## Your goal
Please filter the data below down to the lines holding the string "jump".

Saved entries
_ _ _ _

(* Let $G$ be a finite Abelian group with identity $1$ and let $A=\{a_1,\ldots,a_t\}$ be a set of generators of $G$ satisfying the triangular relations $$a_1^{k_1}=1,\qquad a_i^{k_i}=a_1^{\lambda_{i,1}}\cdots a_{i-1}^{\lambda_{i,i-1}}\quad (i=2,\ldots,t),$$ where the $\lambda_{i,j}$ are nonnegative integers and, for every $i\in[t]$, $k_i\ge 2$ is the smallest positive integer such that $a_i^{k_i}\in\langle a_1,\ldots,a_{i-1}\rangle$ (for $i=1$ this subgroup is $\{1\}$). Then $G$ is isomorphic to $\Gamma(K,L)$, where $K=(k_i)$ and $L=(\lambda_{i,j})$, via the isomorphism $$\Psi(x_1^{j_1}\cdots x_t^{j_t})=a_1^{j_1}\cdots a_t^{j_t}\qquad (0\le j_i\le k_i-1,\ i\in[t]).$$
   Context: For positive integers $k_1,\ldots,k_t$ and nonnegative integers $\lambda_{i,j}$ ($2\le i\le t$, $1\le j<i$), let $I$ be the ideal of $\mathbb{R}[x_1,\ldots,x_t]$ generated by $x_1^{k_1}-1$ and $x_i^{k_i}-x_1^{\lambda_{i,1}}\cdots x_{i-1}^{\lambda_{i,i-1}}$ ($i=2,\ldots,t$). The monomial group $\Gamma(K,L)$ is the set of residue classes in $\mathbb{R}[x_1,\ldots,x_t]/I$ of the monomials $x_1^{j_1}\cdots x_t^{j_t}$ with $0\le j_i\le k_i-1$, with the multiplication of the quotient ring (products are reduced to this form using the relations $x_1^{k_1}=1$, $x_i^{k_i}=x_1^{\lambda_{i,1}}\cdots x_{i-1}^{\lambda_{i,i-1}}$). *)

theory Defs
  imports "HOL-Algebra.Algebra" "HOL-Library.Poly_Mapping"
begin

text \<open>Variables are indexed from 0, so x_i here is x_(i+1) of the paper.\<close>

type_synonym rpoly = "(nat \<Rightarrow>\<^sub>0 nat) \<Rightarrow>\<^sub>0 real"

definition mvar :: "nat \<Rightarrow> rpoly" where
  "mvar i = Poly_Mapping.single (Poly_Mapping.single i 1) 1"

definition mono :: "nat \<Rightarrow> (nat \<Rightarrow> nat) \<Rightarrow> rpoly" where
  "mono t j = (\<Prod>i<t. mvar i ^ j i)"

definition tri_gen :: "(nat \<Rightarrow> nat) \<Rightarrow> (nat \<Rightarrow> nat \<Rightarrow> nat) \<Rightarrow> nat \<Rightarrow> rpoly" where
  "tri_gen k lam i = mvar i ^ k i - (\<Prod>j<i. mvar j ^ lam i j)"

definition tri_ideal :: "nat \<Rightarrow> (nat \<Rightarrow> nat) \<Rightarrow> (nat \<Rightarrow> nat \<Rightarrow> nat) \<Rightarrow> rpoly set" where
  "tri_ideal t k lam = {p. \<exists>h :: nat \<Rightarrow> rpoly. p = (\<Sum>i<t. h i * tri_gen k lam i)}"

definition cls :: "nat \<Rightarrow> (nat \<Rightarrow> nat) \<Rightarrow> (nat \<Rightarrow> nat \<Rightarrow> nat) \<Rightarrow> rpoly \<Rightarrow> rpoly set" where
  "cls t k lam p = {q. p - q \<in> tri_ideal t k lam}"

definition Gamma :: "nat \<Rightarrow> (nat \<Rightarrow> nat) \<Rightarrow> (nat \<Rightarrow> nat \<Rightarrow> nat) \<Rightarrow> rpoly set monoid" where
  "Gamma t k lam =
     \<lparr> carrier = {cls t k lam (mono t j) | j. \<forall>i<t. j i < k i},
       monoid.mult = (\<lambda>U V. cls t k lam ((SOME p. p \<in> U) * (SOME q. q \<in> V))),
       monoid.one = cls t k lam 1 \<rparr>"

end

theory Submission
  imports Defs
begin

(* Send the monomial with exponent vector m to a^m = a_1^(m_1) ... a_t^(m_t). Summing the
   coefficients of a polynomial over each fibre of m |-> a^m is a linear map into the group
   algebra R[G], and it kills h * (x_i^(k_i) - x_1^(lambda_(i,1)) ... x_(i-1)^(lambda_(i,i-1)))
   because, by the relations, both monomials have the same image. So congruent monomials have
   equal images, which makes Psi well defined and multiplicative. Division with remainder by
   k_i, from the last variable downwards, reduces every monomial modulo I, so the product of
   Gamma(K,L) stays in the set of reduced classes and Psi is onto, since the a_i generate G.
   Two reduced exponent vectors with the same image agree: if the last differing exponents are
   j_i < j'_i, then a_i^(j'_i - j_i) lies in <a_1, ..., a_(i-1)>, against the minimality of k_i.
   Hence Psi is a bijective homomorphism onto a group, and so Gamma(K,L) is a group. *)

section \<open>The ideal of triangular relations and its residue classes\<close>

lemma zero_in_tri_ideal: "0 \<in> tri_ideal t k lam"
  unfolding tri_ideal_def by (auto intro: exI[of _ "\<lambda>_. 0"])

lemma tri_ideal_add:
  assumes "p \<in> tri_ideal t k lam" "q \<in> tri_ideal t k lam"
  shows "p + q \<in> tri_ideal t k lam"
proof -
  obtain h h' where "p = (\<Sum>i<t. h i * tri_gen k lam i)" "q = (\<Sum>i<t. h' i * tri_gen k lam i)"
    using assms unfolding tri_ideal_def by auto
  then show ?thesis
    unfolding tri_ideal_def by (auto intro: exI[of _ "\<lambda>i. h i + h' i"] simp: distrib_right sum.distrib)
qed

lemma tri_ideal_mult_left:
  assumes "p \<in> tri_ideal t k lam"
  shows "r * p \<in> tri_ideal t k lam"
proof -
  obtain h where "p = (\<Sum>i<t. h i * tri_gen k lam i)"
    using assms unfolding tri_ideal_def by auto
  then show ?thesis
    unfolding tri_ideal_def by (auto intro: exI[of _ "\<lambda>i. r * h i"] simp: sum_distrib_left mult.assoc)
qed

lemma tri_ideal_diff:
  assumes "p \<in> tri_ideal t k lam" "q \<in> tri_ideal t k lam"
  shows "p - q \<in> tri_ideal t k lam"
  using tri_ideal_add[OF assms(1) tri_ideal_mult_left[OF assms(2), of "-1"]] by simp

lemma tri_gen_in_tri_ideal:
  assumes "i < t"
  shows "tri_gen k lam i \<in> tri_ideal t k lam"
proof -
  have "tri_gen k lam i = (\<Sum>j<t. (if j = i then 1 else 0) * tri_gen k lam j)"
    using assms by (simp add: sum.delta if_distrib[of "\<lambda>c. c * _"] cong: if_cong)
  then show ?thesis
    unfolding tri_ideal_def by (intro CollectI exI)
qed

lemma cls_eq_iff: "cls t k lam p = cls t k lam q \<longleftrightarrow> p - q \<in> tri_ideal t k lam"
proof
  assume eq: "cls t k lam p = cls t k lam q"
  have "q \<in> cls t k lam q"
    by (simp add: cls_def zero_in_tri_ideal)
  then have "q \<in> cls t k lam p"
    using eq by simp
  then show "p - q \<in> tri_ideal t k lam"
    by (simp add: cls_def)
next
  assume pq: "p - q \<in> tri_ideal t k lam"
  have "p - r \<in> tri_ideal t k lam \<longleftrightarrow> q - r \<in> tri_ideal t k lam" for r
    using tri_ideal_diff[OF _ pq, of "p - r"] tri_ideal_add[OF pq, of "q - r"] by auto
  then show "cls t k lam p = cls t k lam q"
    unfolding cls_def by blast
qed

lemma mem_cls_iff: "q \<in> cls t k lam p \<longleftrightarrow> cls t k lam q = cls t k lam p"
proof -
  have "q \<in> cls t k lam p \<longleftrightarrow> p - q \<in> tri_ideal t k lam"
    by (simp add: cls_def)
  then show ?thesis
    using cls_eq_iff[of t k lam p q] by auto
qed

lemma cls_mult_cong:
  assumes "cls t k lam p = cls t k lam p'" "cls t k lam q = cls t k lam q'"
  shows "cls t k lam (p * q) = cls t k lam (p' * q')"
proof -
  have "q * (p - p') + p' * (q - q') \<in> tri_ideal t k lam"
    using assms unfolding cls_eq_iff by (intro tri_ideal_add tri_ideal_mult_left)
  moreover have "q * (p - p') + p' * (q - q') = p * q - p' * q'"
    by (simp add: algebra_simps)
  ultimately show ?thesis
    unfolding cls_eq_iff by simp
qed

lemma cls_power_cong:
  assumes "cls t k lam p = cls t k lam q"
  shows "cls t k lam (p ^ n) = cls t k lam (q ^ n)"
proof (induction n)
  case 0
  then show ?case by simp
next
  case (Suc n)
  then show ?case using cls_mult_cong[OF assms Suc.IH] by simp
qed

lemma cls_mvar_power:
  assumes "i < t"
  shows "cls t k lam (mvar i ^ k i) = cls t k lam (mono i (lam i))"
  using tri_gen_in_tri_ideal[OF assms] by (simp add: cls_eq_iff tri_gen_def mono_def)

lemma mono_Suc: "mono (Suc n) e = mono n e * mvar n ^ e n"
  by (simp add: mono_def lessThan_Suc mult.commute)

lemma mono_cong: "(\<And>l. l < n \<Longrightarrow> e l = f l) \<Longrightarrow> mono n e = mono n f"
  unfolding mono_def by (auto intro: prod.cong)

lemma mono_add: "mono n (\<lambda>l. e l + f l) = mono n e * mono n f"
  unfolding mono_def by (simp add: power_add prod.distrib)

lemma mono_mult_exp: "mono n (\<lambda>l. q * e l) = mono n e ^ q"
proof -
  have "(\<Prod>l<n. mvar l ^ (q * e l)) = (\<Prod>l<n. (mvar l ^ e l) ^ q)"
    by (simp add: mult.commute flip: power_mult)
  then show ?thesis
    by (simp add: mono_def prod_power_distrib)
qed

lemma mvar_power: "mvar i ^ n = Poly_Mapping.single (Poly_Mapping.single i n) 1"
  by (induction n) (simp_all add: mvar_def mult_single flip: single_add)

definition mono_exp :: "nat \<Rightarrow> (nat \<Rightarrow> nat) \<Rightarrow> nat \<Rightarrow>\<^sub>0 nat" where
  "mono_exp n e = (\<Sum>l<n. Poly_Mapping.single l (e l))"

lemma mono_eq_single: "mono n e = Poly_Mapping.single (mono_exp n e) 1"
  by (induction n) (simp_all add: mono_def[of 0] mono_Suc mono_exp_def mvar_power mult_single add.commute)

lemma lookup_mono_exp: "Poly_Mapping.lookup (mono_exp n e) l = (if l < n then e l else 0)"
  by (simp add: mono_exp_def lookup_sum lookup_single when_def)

_ _ _ _

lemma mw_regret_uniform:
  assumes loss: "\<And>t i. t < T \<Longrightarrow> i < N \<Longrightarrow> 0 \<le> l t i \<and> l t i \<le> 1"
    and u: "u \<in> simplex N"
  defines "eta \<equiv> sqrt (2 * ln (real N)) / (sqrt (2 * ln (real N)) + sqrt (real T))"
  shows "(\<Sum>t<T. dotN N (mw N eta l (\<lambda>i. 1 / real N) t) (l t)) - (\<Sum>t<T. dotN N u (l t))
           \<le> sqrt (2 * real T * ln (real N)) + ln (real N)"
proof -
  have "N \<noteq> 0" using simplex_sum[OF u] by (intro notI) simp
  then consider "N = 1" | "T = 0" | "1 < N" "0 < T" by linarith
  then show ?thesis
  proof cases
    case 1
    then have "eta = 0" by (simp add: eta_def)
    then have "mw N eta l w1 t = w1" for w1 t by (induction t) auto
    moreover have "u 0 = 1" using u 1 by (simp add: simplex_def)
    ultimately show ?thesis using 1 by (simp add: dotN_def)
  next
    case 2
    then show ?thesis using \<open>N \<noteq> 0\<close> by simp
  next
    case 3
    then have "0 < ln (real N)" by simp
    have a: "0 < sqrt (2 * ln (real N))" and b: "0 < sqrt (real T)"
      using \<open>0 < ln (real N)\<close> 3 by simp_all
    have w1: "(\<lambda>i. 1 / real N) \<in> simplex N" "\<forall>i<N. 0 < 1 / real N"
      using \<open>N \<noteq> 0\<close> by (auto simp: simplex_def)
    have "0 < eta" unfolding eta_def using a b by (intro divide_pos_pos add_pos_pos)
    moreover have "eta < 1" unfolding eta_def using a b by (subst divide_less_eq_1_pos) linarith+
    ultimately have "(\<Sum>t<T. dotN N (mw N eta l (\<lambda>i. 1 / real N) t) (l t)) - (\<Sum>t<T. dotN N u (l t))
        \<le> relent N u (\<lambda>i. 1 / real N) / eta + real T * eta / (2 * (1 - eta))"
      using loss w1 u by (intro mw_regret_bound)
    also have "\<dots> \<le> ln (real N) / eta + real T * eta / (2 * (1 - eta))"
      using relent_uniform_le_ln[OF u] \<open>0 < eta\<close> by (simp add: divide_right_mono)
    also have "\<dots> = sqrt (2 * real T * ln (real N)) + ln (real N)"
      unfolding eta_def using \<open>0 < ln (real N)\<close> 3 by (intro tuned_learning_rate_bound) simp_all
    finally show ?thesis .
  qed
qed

_ _ _ _

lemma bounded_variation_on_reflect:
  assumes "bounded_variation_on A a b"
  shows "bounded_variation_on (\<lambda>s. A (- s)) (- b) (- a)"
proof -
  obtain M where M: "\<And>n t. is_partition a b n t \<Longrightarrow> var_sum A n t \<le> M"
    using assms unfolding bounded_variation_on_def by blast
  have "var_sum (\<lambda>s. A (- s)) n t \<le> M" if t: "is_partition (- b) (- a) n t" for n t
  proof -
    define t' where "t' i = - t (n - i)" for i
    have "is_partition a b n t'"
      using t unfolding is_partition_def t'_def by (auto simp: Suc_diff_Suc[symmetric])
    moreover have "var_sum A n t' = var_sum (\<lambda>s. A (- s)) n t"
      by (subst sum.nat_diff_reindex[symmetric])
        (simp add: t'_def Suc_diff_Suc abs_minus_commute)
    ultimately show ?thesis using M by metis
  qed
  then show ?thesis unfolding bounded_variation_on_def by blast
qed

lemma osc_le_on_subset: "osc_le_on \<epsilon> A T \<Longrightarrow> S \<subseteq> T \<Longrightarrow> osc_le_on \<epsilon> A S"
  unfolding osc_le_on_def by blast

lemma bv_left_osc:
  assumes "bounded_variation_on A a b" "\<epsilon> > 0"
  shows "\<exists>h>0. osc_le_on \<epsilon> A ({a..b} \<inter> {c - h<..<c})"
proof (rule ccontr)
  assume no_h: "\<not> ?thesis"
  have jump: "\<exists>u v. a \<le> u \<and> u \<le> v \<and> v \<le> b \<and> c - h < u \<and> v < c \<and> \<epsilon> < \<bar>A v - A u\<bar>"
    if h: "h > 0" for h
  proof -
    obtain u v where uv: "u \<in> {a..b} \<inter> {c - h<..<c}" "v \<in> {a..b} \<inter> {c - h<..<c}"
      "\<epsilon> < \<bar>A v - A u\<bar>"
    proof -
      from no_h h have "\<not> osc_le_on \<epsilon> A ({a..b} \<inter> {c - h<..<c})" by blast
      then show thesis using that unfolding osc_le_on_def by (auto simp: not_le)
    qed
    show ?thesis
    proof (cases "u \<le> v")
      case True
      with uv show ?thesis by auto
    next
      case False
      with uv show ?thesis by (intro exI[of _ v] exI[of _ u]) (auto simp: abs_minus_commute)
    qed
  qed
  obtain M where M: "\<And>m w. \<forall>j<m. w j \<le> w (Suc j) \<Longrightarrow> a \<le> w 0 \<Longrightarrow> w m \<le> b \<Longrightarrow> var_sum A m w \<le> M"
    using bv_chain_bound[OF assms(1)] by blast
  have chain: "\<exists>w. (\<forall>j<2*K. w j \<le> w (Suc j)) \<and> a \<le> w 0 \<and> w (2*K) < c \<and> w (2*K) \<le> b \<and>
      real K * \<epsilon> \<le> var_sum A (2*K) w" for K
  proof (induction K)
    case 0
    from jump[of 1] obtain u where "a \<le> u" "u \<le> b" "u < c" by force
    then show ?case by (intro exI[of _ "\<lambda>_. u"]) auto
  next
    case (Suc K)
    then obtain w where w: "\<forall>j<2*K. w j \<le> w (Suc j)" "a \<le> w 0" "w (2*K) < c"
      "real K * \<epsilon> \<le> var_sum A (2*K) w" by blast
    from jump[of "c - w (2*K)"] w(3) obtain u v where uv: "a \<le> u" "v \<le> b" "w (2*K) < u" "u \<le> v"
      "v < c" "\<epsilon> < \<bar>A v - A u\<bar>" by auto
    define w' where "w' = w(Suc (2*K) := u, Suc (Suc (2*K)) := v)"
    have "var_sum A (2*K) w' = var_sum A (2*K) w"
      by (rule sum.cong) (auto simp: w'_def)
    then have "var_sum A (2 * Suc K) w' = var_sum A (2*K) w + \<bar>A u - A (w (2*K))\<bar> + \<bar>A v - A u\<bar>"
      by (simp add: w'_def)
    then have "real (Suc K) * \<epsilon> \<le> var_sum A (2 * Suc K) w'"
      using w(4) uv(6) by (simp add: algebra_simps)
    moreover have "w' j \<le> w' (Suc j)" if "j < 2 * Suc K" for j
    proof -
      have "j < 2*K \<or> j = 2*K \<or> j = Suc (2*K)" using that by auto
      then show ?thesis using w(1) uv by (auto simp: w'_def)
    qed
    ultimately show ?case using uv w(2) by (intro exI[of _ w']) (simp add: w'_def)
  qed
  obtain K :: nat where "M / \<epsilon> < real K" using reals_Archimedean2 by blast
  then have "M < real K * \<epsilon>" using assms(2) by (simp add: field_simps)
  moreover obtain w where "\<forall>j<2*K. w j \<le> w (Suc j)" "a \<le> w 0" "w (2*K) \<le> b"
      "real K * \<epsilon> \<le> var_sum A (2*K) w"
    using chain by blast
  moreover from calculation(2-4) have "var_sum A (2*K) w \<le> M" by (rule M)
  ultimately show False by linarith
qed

_ _ _ _

## Exercise output
  have jump: "\<exists>u v. a \<le> u \<and> u \<le> v \<and> v \<le> b \<and> c - h < u \<and> v < c \<and> \<epsilon> < \<bar>A v - A u\<bar>"
    from jump[of 1] obtain u where "a \<le> u" "u \<le> b" "u < c" by force
    from jump[of "c - w (2*K)"] w(3) obtain u v where uv: "a \<le> u" "v \<le> b" "w (2*K) < u" "u \<le> v"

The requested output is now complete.